We can help you to solve this problem. We developed an optimizing/parallelizing code system for the x86 family of processors.
dco is a software package specifically designed to optimize x86 assembly code by taking full advantage of the options and features
provided by the x86 processor.
dco shall be used to optimize compiler-generated code. The programmer uses a compiler (C, Fortran etc.) to translate his code into
x86 assembly code. This code would be used as an input to dco. The output, generated by the dco, will be a highly optimized
x86 assembly code that is logically identical to the original one; dco will rearrange the existing code, performing optimizations
that take full advantage of the functionality offered by the x86 processor. To create a final object file the generated code should be assembled.

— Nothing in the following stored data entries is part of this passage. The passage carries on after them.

lemma index_kron_det:
  fixes A :: "nat \<Rightarrow> nat \<Rightarrow> 'a::comm_ring_1 mat"
  assumes blocks: "\<And>i j. i \<in> {1..d} \<Longrightarrow> j \<in> {1..d} \<Longrightarrow> A i j \<in> carrier_mat (n i) (n i)"
    and r: "r < prod_list (map n [1..<d+1])" and c: "c < prod_list (map n [1..<d+1])"
  shows "kron_det d A $$ (r, c) = det (mat d d (\<lambda>(i, j).
    A (Suc i) (Suc j) $$ (radix_digit (map n [1..<d+1]) i r, radix_digit (map n [1..<d+1]) i c)))"
proof -
  let ?ms = "map n [1..<d+1]"
  let ?entry = "\<lambda>i j. A i j $$ (radix_digit ?ms (i - 1) r, radix_digit ?ms (i - 1) c)"
  have "kron_det d A $$ (r, c) = (\<Sum>\<sigma> | \<sigma> permutes {1..d}.
      of_int (sign \<sigma>) * kron_list (map (\<lambda>i. A i (\<sigma> i)) [1..<d+1]) $$ (r, c))"
    using r c by (subst kron_det_def'[where n = n]) (use blocks in auto)
  also have "\<dots> = (\<Sum>\<sigma> | \<sigma> permutes {1..d}. of_int (sign \<sigma>) * (\<Prod>i<d. ?entry (Suc i) (\<sigma> (Suc i))))"
  proof (intro sum.cong refl arg_cong2[where f = "(*)"])
    fix \<sigma> assume "\<sigma> \<in> {\<sigma>. \<sigma> permutes {1..d}}"
    then have "\<sigma> i \<in> {1..d}" if "i \<in> {1..d}" for i
      using that by (simp only: mem_Collect_eq permutes_in_image)
    then have "list_all2 (\<lambda>A m. A \<in> carrier_mat m m) (map (\<lambda>i. A i (\<sigma> i)) [1..<d+1]) ?ms"
      by (auto simp: list_all2_map1 list_all2_map2 list_all2_same blocks simp del: upt_Suc)
    from index_kron_list[OF this r c]
    show "kron_list (map (\<lambda>i. A i (\<sigma> i)) [1..<d+1]) $$ (r, c) = (\<Prod>i<d. ?entry (Suc i) (\<sigma> (Suc i)))"
      by (simp add: nth_map_upt del: upt_Suc)
  qed
  also have "\<dots> = det (mat d d (\<lambda>(i, j). ?entry (Suc i) (Suc j)))"
    by (rule det_def_one_based[symmetric])
  finally show ?thesis by simp
qed

lemma det_first_col_expansion:
  fixes a :: "nat \<Rightarrow> nat \<Rightarrow> 'a::comm_ring_1"
  assumes "0 < d"
  shows "det (mat d d (\<lambda>(i, j). if j = 0 then f i else a i j)) =
    (\<Sum>i<d. f i * cofactor (mat d d (\<lambda>(i, j). if j = 0 then 0 else a i j)) i 0)"
proof -
  let ?Z = "\<lambda>f. mat d d (\<lambda>(i, j). if j = 0 then f i else a i j)"
  have "det (?Z f) = (\<Sum>i<d. ?Z f $$ (i, 0) * cofactor (?Z f) i 0)"
    using assms by (intro laplace_expansion_column) auto
  also have "\<dots> = (\<Sum>i<d. f i * cofactor (?Z (\<lambda>_. 0)) i 0)"
  proof (intro sum.cong refl)
    fix i assume "i \<in> {..<d}"
    moreover have "mat_delete (?Z f) i 0 = mat_delete (?Z (\<lambda>_. 0)) i 0"
      by (rule eq_matI) (auto simp: mat_delete_def)
    ultimately show "?Z f $$ (i, 0) * cofactor (?Z f) i 0 = f i * cofactor (?Z (\<lambda>_. 0)) i 0"
      using assms by (simp add: cofactor_def)
  qed
  finally show ?thesis .
qed

lemma det_first_col_lincomb:
  fixes a :: "nat \<Rightarrow> nat \<Rightarrow> 'a::comm_ring_1"
  assumes "0 < d"
  shows "det (mat d d (\<lambda>(i, j). if j = 0 then g i - (\<Sum>k\<in>{1..d}. c k * a i k) else a i j)) =
    det (mat d d (\<lambda>(i, j). if j = 0 then g i else a i j)) -
    c d * det (mat d d (\<lambda>(i, j). if j = 0 then a i d else a i j))"
proof -
  let ?Z = "\<lambda>f. mat d d (\<lambda>(i, j). if j = 0 then f i else a i j)"
  define L where "L f = (\<Sum>i<d. f i * cofactor (?Z (\<lambda>_. 0)) i 0)" for f
  have det_Z: "det (?Z f) = L f" for f
    unfolding L_def using assms by (rule det_first_col_expansion)
  have repeated_col: "L (\<lambda>i. a i k) = 0" if "1 \<le> k" "k < d" for k
  proof -
    have "det (?Z (\<lambda>i. a i k)) = 0"
      by (rule det_identical_columns[of _ d 0 k]) (use that in \<open>auto intro: eq_vecI\<close>)
    then show ?thesis by (simp add: det_Z)
  qed
  have "L (\<lambda>i. g i - (\<Sum>k\<in>{1..d}. c k * a i k)) = L g - (\<Sum>k\<in>{1..d}. c k * L (\<lambda>i. a i k))"
    unfolding L_def
    by (simp add: left_diff_distrib sum_subtractf sum_distrib_left sum_distrib_right mult.assoc)
      (rule sum.swap)
  also have "(\<Sum>k\<in>{1..d}. c k * L (\<lambda>i. a i k)) = c d * L (\<lambda>i. a i d)"
  proof -
    have "{1..d} = insert d {1..<d}" using assms by auto
    then show ?thesis by (simp add: repeated_col)
  qed
  finally show ?thesis by (simp add: det_Z)
qed

lemma det_first_col_to_last:
  fixes a :: "nat \<Rightarrow> nat \<Rightarrow> 'a::comm_ring_1"
  assumes "0 < d"
  shows "det (mat d d (\<lambda>(i, j). if j = 0 then f i else a i j)) =
    (-1) ^ (d - 1) * det (mat d d (\<lambda>(i, j). if j = d - 1 then f i else a i (Suc j)))"
proof -
  have d: "d = (d - 1) + 1" using assms by simp
  show ?thesis
    by (subst det_swap_cols[of _ "d - 1" 1, folded d])
      (auto intro!: arg_cong2[where f = "(*)"] arg_cong[where f = det] eq_matI)
qed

Note that dco does not require preprocessing or any other involvement from the user. It is fully automated and may be incorporated into makefiles
or other product generation tools.
Use of dco will greatly improve the quality of the generated code. It, therefore, may prove to be a vital contribution to the production
of a winning x86 solution.
- Takes
full advantage of the x86 functionality
dco
optimizes a x86 code by taking full advantage of the options and
features provided by the x86 processor.
- Fully
automated
dco does
not require preprocessing or any other user involvement. It is fully automated and may be incorporated into makefiles or other
product generation tools.
- Flexible
dco has many input options allowing the user to choose the right
optimization technique to be performed as well as the level of optimization to be applied.
The currently available implementation of the
optimizer shall be used to optimize code generated only by a gcc
compiler. It accepts x86 assembly code in the so-called AT&T assembler
syntax ( see here
for some explanation ); so
addsd %xmm1,%xmm2
is interpreted as
%xmm2 = %xmm2 + %xmm1
dco
currently supports IA-32
and x86-64 architectures featuring SSE, SSE2, SSE3 and SSE4 extensions.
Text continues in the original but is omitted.